Machine Learning and Molecular Modelling: A Synergistic Approach to Rapid Reactivity Prediction

Lead Research Organisation: University of Bath
Department Name: Chemistry

Abstract

The computational design of new chemical reactions is regarded as one of the "Holy Grails" of computational organic chemistry and biochemistry. Accurate and fast computational approaches to predicting chemical reactivity would provide cost-effective alternatives to time-consuming experimental approaches, and in some cases animal testing, in drug design, toxicology and chemical synthesis.
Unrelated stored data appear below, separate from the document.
(* Let $G$ be a simple graph on vertex set $\{1,\ldots,n\}$ and $k\ge 1$ an integer such that $G$ has a non-empty $k$-core, and let $V_{k\text{-core}}$ denote the vertex set of the $k$-core of $G$. Let $\mathbf{x}^{(k)}=(x^{(k)}_1,\ldots,x^{(k)}_n)^{\mathrm T}$ be a Perron eigenvector of $\mathcal{A}^{(k)}(G)$, i.e. a nonzero entrywise nonnegative eigenvector of $\mathcal{A}^{(k)}(G)$ corresponding to the eigenvalue $\rho_k(G)$. Then $\operatorname{supp}(\mathbf{x}^{(k)})\subseteq V_{k\text{-core}}$. Moreover, if the subgraph of $G$ induced by $V_{k\text{-core}}$ is connected, then $\operatorname{supp}(\mathbf{x}^{(k)})=V_{k\text{-core}}$.
   Context: All graphs are finite, simple and undirected. The $k$-core of a graph $G$ is the maximal subgraph of $G$ in which every vertex has degree at least $k$ within the subgraph. For a tensor $\mathcal{A}=(a_{i_1 i_2\cdots i_m})$ of order $m$ and dimension $n$ and $\mathbf{x}\in\mathbb{C}^n$, $\mathcal{A}\mathbf{x}^{m-1}\in\mathbb{C}^n$ has $i$-th component $\sum_{i_2,\ldots,i_m=1}^n a_{i i_2\cdots i_m}x_{i_2}\cdots x_{i_m}$. A complex number $\lambda$ is an eigenvalue of $\mathcal{A}$ if there is a nonzero $\mathbf{x}\in\mathbb{C}^n$ with $\mathcal{A}\mathbf{x}^{m-1}=\lambda\mathbf{x}^{[m-1]}$, where $\mathbf{x}^{[m-1]}=(x_1^{m-1},\ldots,x_n^{m-1})^{\mathrm T}$; $\mathbf{x}$ is then an eigenvector. The spectral radius $\rho(\mathcal{A})$ is the largest modulus of the eigenvalues of $\mathcal{A}$. For a graph $G$ on vertex set $\{1,\ldots,n\}$ with neighborhoods $N_G(i)$, the $k$-adjacency tensor $\mathcal{A}^{(k)}(G)=(a_{i_1 i_2\cdots i_{k+1}})$ is the order-$(k+1)$, dimension-$n$ tensor with $a_{i_1 i_2\cdots i_{k+1}}=1/k!$ if $i_1,\ldots,i_{k+1}$ are pairwise distinct and $\{i_2,\ldots,i_{k+1}\}\subseteq N_G(i_1)$, and $0$ otherwise. Equivalently, $(\mathcal{A}^{(k)}(G)\mathbf{x}^k)_i=\sum_{T\subseteq N_G(i),\,|T|=k}\prod_{j\in T}x_j$. Define $\rho_k(G)=\rho(\mathcal{A}^{(k)}(G))$. The support of $\mathbf{x}$ is $\operatorname{supp}(\mathbf{x})=\{i: x_i\neq 0\}$. *)

theory Defs
  imports Complex_Main
begin

definition simple_graph :: "nat \<Rightarrow> (nat \<Rightarrow> nat \<Rightarrow> bool) \<Rightarrow> bool" where
  "simple_graph n E \<longleftrightarrow> (\<forall>i j. E i j \<longrightarrow> E j i) \<and> (\<forall>i. \<not> E i i)
     \<and> (\<forall>i j. E i j \<longrightarrow> i \<in> {1..n} \<and> j \<in> {1..n})"

definition nbhd :: "nat \<Rightarrow> (nat \<Rightarrow> nat \<Rightarrow> bool) \<Rightarrow> nat \<Rightarrow> nat set" where
  "nbhd n E i = {j \<in> {1..n}. E i j}"

text \<open>Vertex set of the k-core: the vertex set of the maximal subgraph in which every
  vertex has degree at least k, i.e. the union of all vertex sets W whose induced
  subgraph has minimum degree at least k.\<close>

definition min_deg_ge :: "nat \<Rightarrow> (nat \<Rightarrow> nat \<Rightarrow> bool) \<Rightarrow> nat \<Rightarrow> nat set \<Rightarrow> bool" where
  "min_deg_ge n E k W \<longleftrightarrow> W \<subseteq> {1..n} \<and> (\<forall>v\<in>W. card (nbhd n E v \<inter> W) \<ge> k)"

definition k_core_vertices :: "nat \<Rightarrow> (nat \<Rightarrow> nat \<Rightarrow> bool) \<Rightarrow> nat \<Rightarrow> nat set" where
  "k_core_vertices n E k = \<Union> {W. min_deg_ge n E k W}"

definition induced_connected :: "(nat \<Rightarrow> nat \<Rightarrow> bool) \<Rightarrow> nat set \<Rightarrow> bool" where
  "induced_connected E S \<longleftrightarrow>
     (\<forall>u\<in>S. \<forall>v\<in>S. (\<lambda>a b. a \<in> S \<and> b \<in> S \<and> E a b)\<^sup>*\<^sup>* u v)"

text \<open>(A^(k)(G) x^k)_i = sum over k-subsets T of N(i) of prod_{j in T} x_j.\<close>
definition kadj_apply ::
  "nat \<Rightarrow> (nat \<Rightarrow> nat \<Rightarrow> bool) \<Rightarrow> nat \<Rightarrow> (nat \<Rightarrow> complex) \<Rightarrow> nat \<Rightarrow> complex" where
  "kadj_apply n E k x i = (\<Sum>T \<in> {T. T \<subseteq> nbhd n E i \<and> card T = k}. \<Prod>j\<in>T. x j)"

text \<open>Eigenpair of the order-(k+1), dimension-n tensor A^(k)(G): A x^k = lambda x^[k],
  x nonzero in C^n (vectors are functions on nat, only components 1..n matter).\<close>
definition kadj_eigenpair ::
  "nat \<Rightarrow> (nat \<Rightarrow> nat \<Rightarrow> bool) \<Rightarrow> nat \<Rightarrow> complex \<Rightarrow> (nat \<Rightarrow> complex) \<Rightarrow> bool" where
  "kadj_eigenpair n E k lam x \<longleftrightarrow> (\<exists>i\<in>{1..n}. x i \<noteq> 0) \<and>
     (\<forall>i\<in>{1..n}. kadj_apply n E k x i = lam * x i ^ k)"

definition kadj_eigenvalue :: "nat \<Rightarrow> (nat \<Rightarrow> nat \<Rightarrow> bool) \<Rightarrow> nat \<Rightarrow> complex \<Rightarrow> bool" where
  "kadj_eigenvalue n E k lam \<longleftrightarrow> (\<exists>x. kadj_eigenpair n E k lam x)"

definition rho_k :: "nat \<Rightarrow> (nat \<Rightarrow> nat \<Rightarrow> bool) \<Rightarrow> nat \<Rightarrow> real" where
  "rho_k n E k = Sup {cmod lam | lam. kadj_eigenvalue n E k lam}"

definition supp :: "nat \<Rightarrow> (nat \<Rightarrow> 'a::zero) \<Rightarrow> nat set" where
  "supp n x = {i \<in> {1..n}. x i \<noteq> 0}"

end

(*
  For a connected vertex set D in which every vertex has at least k neighbours, the largest t
  admitting some y >= 0 supported on D with t y_i^k <= (A y^k)_i on D (the Collatz-Wielandt
  number) is attained by compactness. A maximiser can be made positive on D by adding terms
  eps^(e v) that decay fast with the distance from its support, and among positive maximisers
  one with the most strict inequalities has none: raising one coordinate at an edge leaving the
  strict set would create another. This gives a positive eigenvector on D, which extends by zero
  to an eigenvector of A^(k)(G) when no vertex outside D has k neighbours in D, as is the case
  for the k-core and for its components. Hence rho_k(G) >= 1.

  Since rho_k(G) > 0, every vertex in the support of a nonnegative eigenvector x for rho_k(G)
  has k neighbours inside the support, so the support lies in the k-core. If the k-core C is
  connected, let u be the positive eigenvector on C, with eigenvalue mu <= rho_k(G), and c u the
  least multiple of u above x: at a contact point rho_k(G) <= mu, and strict monotonicity of
  (A y^k)_i spreads the contact x = c u along the edges of C, so x > 0 on C.
*)

theory Submission
  imports Defs "HOL-Analysis.Analysis"
begin

section \<open>Elementary symmetric sums\<close>

definition elem_sym :: "nat \<Rightarrow> 'a set \<Rightarrow> ('a \<Rightarrow> 'b::comm_semiring_1) \<Rightarrow> 'b" where
  "elem_sym k N y = (\<Sum>T | T \<subseteq> N \<and> card T = k. \<Prod>j\<in>T. y j)"

lemma elem_sym_of_real:
  "elem_sym k N (\<lambda>j. of_real (y j)) = (of_real (elem_sym k N y) :: 'b::real_field)"
  by (simp add: elem_sym_def)

lemma elem_sym_scale:
  assumes "finite N"
  shows "elem_sym k N (\<lambda>j. c * y j) = c ^ k * elem_sym k N y"
  unfolding elem_sym_def sum_distrib_left
  by (intro sum.cong refl) (auto simp: prod.distrib dest: finite_subset[OF _ assms])

lemma elem_sym_eq_0:
  assumes "finite N" "card (N \<inter> D) < k" "\<And>j. j \<in> N - D \<Longrightarrow> y j = 0"
  shows "elem_sym k N y = 0"
  unfolding elem_sym_def
proof (intro sum.neutral ballI)
  fix T assume T: "T \<in> {T. T \<subseteq> N \<and> card T = k}"
  have "\<not> T \<subseteq> N \<inter> D"
    using T assms(1,2) card_mono[of "N \<inter> D" T] by auto
  then obtain j where "j \<in> T" "j \<in> N - D"
    using T by auto
  moreover have "finite T"
    using T assms(1) finite_subset by blast
  ultimately show "(\<Prod>j\<in>T. y j) = 0"
    using assms(3) by (intro prod_zero) auto
qed

lemma elem_sym_nonzero_imp_subset:
  assumes "finite N" "elem_sym k N y \<noteq> 0"
  shows "\<exists>T. T \<subseteq> N \<and> card T = k \<and> (\<forall>j\<in>T. y j \<noteq> 0)"
proof -
  have "\<exists>T\<in>{T. T \<subseteq> N \<and> card T = k}. (\<Prod>j\<in>T. y j) \<noteq> 0"
  proof (rule ccontr)
    assume "\<not> ?thesis"
    then have "elem_sym k N y = 0"
      unfolding elem_sym_def by (intro sum.neutral) blast
    with assms(2) show False ..
  qed
  then obtain T where T: "T \<subseteq> N" "card T = k" "(\<Prod>j\<in>T. y j) \<noteq> 0"
    by blast
  moreover have "finite T"
    using T(1) assms(1) finite_subset by blast
  ultimately show ?thesis
    using prod_zero by blast
qed

lemma prod_le_elem_sym:
  fixes y :: "'a \<Rightarrow> 'b::linordered_semidom"
  assumes "finite N" "T \<subseteq> N" "card T = k" "\<And>j. j \<in> N \<Longrightarrow> 0 \<le> y j"
  shows "(\<Prod>j\<in>T. y j) \<le> elem_sym k N y"
  unfolding elem_sym_def
  using assms by (intro member_le_sum) (auto intro!: prod_nonneg)

lemma elem_sym_mono:
  fixes y z :: "'a \<Rightarrow> 'b::linordered_semidom"
  assumes "\<And>j. j \<in> N \<Longrightarrow> 0 \<le> y j" "\<And>j. j \<in> N \<Longrightarrow> y j \<le> z j"
  shows "elem_sym k N y \<le> elem_sym k N z"
  unfolding elem_sym_def using assms by (intro sum_mono prod_mono) auto

lemma power_sum_le_elem_sym:
  fixes z :: "'a \<Rightarrow> 'b::linordered_semidom"
  assumes "finite N" "T \<subseteq> N" "card T = k" "\<And>j. j \<in> N \<Longrightarrow> 0 \<le> z j"
    and "\<And>j. j \<in> T \<Longrightarrow> c * \<epsilon> ^ e j \<le> z j" "0 \<le> c" "0 \<le> \<epsilon>"
  shows "c ^ k * \<epsilon> ^ sum e T \<le> elem_sym k N z"
proof -
  have "finite T"
    using assms(1,2) finite_subset by blast
  then have "c ^ k * \<epsilon> ^ sum e T = (\<Prod>j\<in>T. c * \<epsilon> ^ e j)"
    using assms(3) by (simp add: prod.distrib power_sum)
  also have "\<dots> \<le> (\<Prod>j\<in>T. z j)"
    using assms(5-7) by (intro prod_mono) auto
  also have "\<dots> \<le> elem_sym k N z"
    using assms(1-4) by (rule prod_le_elem_sym)
  finally show ?thesis .
qed

lemma prod_strict_mono_one:
  fixes y z :: "'a \<Rightarrow> 'b::linordered_semidom"
  assumes "finite T" "\<And>j. j \<in> T \<Longrightarrow> 0 \<le> y j" "\<And>j. j \<in> T \<Longrightarrow> y j \<le> z j"
    "\<And>j. j \<in> T \<Longrightarrow> 0 < z j" "u \<in> T" "y u < z u"
  shows "(\<Prod>j\<in>T. y j) < (\<Prod>j\<in>T. z j)"
proof -
  have "(\<Prod>j\<in>T. y j) = y u * (\<Prod>j\<in>T - {u}. y j)"
    using assms(1,5) by (simp add: prod.remove)
  also have "\<dots> \<le> y u * (\<Prod>j\<in>T - {u}. z j)"
    using assms by (intro mult_left_mono prod_mono) auto
  also have "\<dots> < z u * (\<Prod>j\<in>T - {u}. z j)"
    using assms by (intro mult_strict_right_mono prod_pos) auto
  also have "\<dots> = (\<Prod>j\<in>T. z j)"
    using assms(1,5) by (simp add: prod.remove)
  finally show ?thesis .
qed

lemma elem_sym_strict_mono:
  fixes y z :: "'a \<Rightarrow> 'b::linordered_semidom"
  assumes "finite N" "\<And>j. j \<in> N \<Longrightarrow> 0 \<le> y j" "\<And>j. j \<in> N \<Longrightarrow> y j \<le> z j"
    and "T \<subseteq> N" "card T = k" "\<And>j. j \<in> T \<Longrightarrow> 0 < z j" "u \<in> T" "y u < z u"
  shows "elem_sym k N y < elem_sym k N z"
  unfolding elem_sym_def
proof (rule sum_strict_mono_ex1)
  show "finite {T. T \<subseteq> N \<and> card T = k}"
    using assms(1) by simp
  show "\<forall>S\<in>{T. T \<subseteq> N \<and> card T = k}. (\<Prod>j\<in>S. y j) \<le> (\<Prod>j\<in>S. z j)"
    using assms(2,3) by (auto intro!: prod_mono)
  show "\<exists>S\<in>{T. T \<subseteq> N \<and> card T = k}. (\<Prod>j\<in>S. y j) < (\<Prod>j\<in>S. z j)"
    using assms by (intro bexI[of _ T] prod_strict_mono_one) (auto dest: finite_subset)
qed

lemma norm_elem_sym_le:
  fixes y :: "'a \<Rightarrow> 'b::real_normed_field"
  assumes "finite N" "\<And>j. j \<in> N \<Longrightarrow> norm (y j) \<le> M"
  shows "norm (elem_sym k N y) \<le> real (card N choose k) * M ^ k"
proof -
  have "norm (elem_sym k N y) \<le> (\<Sum>T | T \<subseteq> N \<and> card T = k. \<Prod>j\<in>T. norm (y j))"
    unfolding elem_sym_def by (rule order_trans[OF norm_sum]) (simp add: prod_norm)
  also have "\<dots> \<le> (\<Sum>T | T \<subseteq> N \<and> card T = k. M ^ k)"
  proof (intro sum_mono)
    fix T assume "T \<in> {T. T \<subseteq> N \<and> card T = k}"
    then show "(\<Prod>j\<in>T. norm (y j)) \<le> M ^ k"
      using assms(2) prod_mono[of T "\<lambda>j. norm (y j)" "\<lambda>_. M"] by auto
  qed
  also have "\<dots> = real (card N choose k) * M ^ k"
    using n_subsets[OF assms(1)] by simp
  finally show ?thesis .
qed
Of great importance are mechanism-based prediction models because they are much more likely to reach general acceptance compared to computational "black-box" models which offer no insight into how and why predictions are made. Providing such insight is especially important for models to gain regulatory acceptance in toxicology and drug design. However, no current computational approach (molecular modelling or machine learning (ML)) to reactivity prediction offers the combination of fast, accurate predictions with clear mechanistic insight; one or more of these desirable characteristics must be sacrificed in pursuit of the others. This project will develop a novel, synergistic molecular modelling and ML approach to rapid, high-accuracy and mechanism-based reactivity prediction for use in toxicology, drug design and chemical synthesis and thus help realise the "Holy Grail".

We will train and validate ML models on large datasets (~10,000 compounds) that can correct energy barriers obtained from rapid molecular modelling techniques to those derived from prohibitively slow, high-accuracy methods. Our synergistic approach to reaction modelling will thus be to derive mechanistic insight from these rapid molecular modelling techniques and use our ML models to obtain fast and accurate reaction barriers. Models for C-N bond-forming reactions will be developed for use in covalent drug design (targeting lysine), toxicology (predicting mutagenicity and respiratory sensitisation) and pharmaceutical drug synthesis planning. To demonstrate the broad utility of our synergistic approach, we will use it to rationalise experimental reactivity data of biologically and synthetically relevant systems for which the use of current modelling approaches would be prohibitively slow. Rather than requiring a supercomputer, predictions will be possible even on a laptop which will represent a paradigm shift in reaction modelling.